■ Provided data ■
══════════════════════════════

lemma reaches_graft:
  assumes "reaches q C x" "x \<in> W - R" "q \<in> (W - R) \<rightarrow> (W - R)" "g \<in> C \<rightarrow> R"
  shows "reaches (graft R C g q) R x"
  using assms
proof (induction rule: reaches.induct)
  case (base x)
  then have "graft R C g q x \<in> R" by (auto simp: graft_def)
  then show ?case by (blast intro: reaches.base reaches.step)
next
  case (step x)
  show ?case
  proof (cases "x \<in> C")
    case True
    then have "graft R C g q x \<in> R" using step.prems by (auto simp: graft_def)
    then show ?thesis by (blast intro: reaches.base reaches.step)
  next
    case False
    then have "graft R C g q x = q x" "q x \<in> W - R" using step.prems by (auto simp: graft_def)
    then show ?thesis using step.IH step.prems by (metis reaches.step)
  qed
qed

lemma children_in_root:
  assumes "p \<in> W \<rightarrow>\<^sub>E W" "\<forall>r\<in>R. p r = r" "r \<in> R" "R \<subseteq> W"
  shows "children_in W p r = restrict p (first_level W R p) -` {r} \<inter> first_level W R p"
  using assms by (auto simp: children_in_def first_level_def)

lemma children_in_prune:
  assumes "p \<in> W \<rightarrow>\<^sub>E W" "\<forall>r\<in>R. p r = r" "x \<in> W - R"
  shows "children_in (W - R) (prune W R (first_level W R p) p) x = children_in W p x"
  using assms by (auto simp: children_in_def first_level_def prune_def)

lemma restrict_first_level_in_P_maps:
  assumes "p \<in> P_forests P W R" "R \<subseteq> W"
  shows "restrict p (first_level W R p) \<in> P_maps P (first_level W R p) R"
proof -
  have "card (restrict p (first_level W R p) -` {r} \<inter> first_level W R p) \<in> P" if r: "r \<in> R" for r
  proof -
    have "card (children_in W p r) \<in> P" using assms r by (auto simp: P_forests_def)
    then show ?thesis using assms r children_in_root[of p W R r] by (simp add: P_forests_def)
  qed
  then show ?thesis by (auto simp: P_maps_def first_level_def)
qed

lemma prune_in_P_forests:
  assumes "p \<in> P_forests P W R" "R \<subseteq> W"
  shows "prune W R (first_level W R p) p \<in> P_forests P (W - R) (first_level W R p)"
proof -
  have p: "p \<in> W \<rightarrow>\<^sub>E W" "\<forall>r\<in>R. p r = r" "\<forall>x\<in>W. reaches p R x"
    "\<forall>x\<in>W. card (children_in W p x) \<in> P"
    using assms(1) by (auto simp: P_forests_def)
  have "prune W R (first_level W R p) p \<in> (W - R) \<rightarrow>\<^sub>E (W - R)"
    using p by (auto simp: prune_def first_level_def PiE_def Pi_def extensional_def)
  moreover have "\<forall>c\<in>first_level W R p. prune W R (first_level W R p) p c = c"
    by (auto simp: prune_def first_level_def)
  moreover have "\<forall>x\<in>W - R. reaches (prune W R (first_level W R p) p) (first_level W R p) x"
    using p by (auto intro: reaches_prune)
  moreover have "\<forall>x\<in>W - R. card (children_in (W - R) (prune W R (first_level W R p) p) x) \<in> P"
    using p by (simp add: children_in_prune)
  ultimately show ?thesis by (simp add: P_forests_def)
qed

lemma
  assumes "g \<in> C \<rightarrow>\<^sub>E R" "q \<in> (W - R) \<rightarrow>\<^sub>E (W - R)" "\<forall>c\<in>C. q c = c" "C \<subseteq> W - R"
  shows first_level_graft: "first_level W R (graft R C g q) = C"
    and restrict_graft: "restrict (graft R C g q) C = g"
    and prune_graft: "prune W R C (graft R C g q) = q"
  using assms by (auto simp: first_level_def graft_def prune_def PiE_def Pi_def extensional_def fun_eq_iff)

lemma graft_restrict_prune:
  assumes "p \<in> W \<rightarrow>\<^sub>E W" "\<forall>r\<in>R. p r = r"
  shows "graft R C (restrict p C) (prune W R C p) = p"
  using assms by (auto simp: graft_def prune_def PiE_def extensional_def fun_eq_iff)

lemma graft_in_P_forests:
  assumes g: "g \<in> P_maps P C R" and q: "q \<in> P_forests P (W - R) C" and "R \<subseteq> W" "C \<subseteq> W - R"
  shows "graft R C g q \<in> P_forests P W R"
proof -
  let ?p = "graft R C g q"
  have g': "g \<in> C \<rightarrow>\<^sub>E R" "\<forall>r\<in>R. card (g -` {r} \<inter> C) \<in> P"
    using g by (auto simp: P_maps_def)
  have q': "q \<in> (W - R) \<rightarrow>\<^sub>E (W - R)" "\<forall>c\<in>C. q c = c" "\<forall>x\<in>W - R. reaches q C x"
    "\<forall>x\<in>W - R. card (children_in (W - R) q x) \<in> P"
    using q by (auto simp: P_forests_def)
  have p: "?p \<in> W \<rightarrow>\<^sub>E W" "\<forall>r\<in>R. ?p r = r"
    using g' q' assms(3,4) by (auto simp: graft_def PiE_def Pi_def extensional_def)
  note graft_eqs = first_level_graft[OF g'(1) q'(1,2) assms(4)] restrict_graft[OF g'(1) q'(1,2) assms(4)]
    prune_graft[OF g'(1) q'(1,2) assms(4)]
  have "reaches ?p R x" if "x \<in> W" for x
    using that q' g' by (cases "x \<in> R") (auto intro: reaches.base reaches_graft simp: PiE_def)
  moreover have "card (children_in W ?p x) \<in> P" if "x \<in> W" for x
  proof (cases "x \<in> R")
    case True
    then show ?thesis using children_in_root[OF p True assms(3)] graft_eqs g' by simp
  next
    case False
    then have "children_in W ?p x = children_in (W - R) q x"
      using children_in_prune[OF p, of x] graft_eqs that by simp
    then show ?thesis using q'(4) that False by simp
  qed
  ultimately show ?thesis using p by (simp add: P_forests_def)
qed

══════════════════════════════

■ Work order ■
Restate the data above in full, word for word.

■ Task answer ■
lemma reaches_graft:
  assumes "reaches q C x" "x \<in> W - R" "q \<in> (W - R) \<rightarrow> (W - R)" "g \<in> C \<rightarrow> R"
  shows "reaches (graft R C g q) R x"
  using assms
proof (induction rule: reaches.induct)
  case (base x)
  then have "graft R C g q x \<in> R" by (auto simp: graft_def)
  then show ?case by (blast intro: reaches.base reaches.step)
next
  case (step x)
  show ?case
  proof (cases "x \<in> C")
    case True
    then have "graft R C g q x \<in> R" using step.prems by (auto simp: graft_def)
    then show ?thesis by (blast intro: reaches.base reaches.step)
  next
    case False
    then have "graft R C g q x = q x" "q x \<in> W - R" using step.prems by (auto simp: graft_def)
    then show ?thesis using step.IH step.prems by (metis reaches.step)
  qed
qed

lemma children_in_root:
  assumes "p \<in> W \<rightarrow>\<^sub>E W" "\<forall>r\<in>R. p r = r" "r \<in> R" "R \<subseteq> W"
  shows "children_in W p r = restrict p (first_level W R p) -` {r} \<inter> first_level W R p"
  using assms by (auto simp: children_in_def first_level_def)

lemma children_in_prune:
  assumes "p \<in> W \<rightarrow>\<^sub>E W" "\<forall>r\<in>R. p r = r" "x \<in> W - R"
  shows "children_in (W - R) (prune W R (first_level W R p) p) x = children_in W p x"
  using assms by (auto simp: children_in_def first_level_def prune_def)

lemma restrict_first_level_in_P_maps:
  assumes "p \<in> P_forests P W R" "R \<subseteq> W"
  shows "restrict p (first_level W R p) \<in> P_maps P (first_level W R p) R"
proof -
  have "card (restrict p (first_level W R p) -` {r} \<inter> first_level W R p) \<in> P" if r: "r \<in> R" for r
  proof -
    have "card (children_in W p r) \<in> P" using assms r by (auto simp: P_forests_def)
    then show ?thesis using assms r children_in_root[of p W R r] by (simp add: P_forests_def)
  qed
  then show ?thesis by (auto simp: P_maps_def first_level_def)
qed

lemma prune_in_P_forests:
  assumes "p \<in> P_forests P W R" "R \<subseteq> W"
  shows "prune W R (first_level W R p) p \<in> P_forests P (W - R) (first_level W R p)"
proof -
  have p: "p \<in> W \<rightarrow>\<^sub>E W" "\<forall>r\<in>R. p r = r" "\<forall>x\<in>W. reaches p R x"
    "\<forall>x\<in>W. card (children_in W p x) \<in> P"
    using assms(1) by (auto simp: P_forests_def)
  have "prune W R (first_level W R p) p \<in> (W - R) \<rightarrow>\<^sub>E (W - R)"
    using p by (auto simp: prune_def first_level_def PiE_def Pi_def extensional_def)
  moreover have "\<forall>c\<in>first_level W R p. prune W R (first_level W R p) p c = c"
    by (auto simp: prune_def first_level_def)
  moreover have "\<forall>x\<in>W - R. reaches (prune W R (first_level W R p) p) (first_level W R p) x"
    using p by (auto intro: reaches_prune)
  moreover have "\<forall>x\<in>W - R. card (children_in (W - R) (prune W R (first_level W R p) p) x) \<in> P"
    using p by (simp add: children_in_prune)
  ultimately show ?thesis by (simp add: P_forests_def)
qed

lemma
  assumes "g \<in> C \<rightarrow>\<^sub>E R" "q \<in> (W - R) \<rightarrow>\<^sub>E (W - R)" "\<forall>c\<in>C. q c = c" "C \<subseteq> W - R"
  shows first_level_graft: "first_level W R (graft R C g q) = C"
    and restrict_graft: "restrict (graft R C g q) C = g"
    and prune_graft: "prune W R C (graft R C g q) = q"
  using assms by (auto simp: first_level_def graft_def prune_def PiE_def Pi_def extensional_def fun_eq_iff)

lemma graft_restrict_prune:
  assumes "p \<in> W \<rightarrow>\<^sub>E W" "\<forall>r\<in>R. p r = r"
  shows "graft R C (restrict p C) (prune W R C p) = p"
  using assms by (auto simp: graft_def prune_def PiE_def extensional_def fun_eq_iff)

lemma graft_in_P_forests:
  assumes g: "g \<in> P_maps P C R" and q: "q \<in> P_forests P (W - R) C" and "R \<subseteq> W" "C \<subseteq> W - R"
  shows "graft R C g q \<in> P_forests P W R"
proof -
  let ?p = "graft R C g q"
  have g': "g \<in> C \<rightarrow>\<^sub>E R" "\<forall>r\<in>R. card (g -` {r} \<inter> C) \<in> P"
    using g by (auto simp: P_maps_def)
  have q': "q \<in> (W - R) \<rightarrow>\<^sub>E (W - R)" "\<forall>c\<in>C. q c = c" "\<forall>x\<in>W - R. reaches q C x"
    "\<forall>x\<in>W - R. card (children_in (W - R) q x) \<in> P"
    using q by (auto simp: P_forests_def)
  have p: "?p \<in> W \<rightarrow>\<^sub>E W" "\<forall>r\<in>R. ?p r = r"
    using g' q' assms(3,4) by (auto simp: graft_def PiE_def Pi_def extensional_def)
  note graft_eqs = first_level_graft[OF g'(1) q'(1,2) assms(4)] restrict_graft[OF g'(1) q'(1,2) assms(4)]
    prune_graft[OF g'(1) q'(1,2) assms(4)]
  have "reaches ?p R x" if "x \<in> W" for x
    using that q' g' by (cases "x \<in> R") (auto intro: reaches.base reaches_graft simp: PiE_def)
  moreover have "card (children_in W ?p x) \<in> P" if "x \<in> W" for x
  proof (cases "x \<in> R")
    case True
    then show ?thesis using children_in_root[OF p True assms(3)] graft_eqs g' by simp
  next
    case False
    then have "children_in W ?p x = children_in (W - R) q x"
      using children_in_prune[OF p, of x] graft_eqs that by simp
    then show ?thesis using q'(4) that False by simp
  qed
  ultimately show ?thesis using p by (simp add: P_forests_def)
qed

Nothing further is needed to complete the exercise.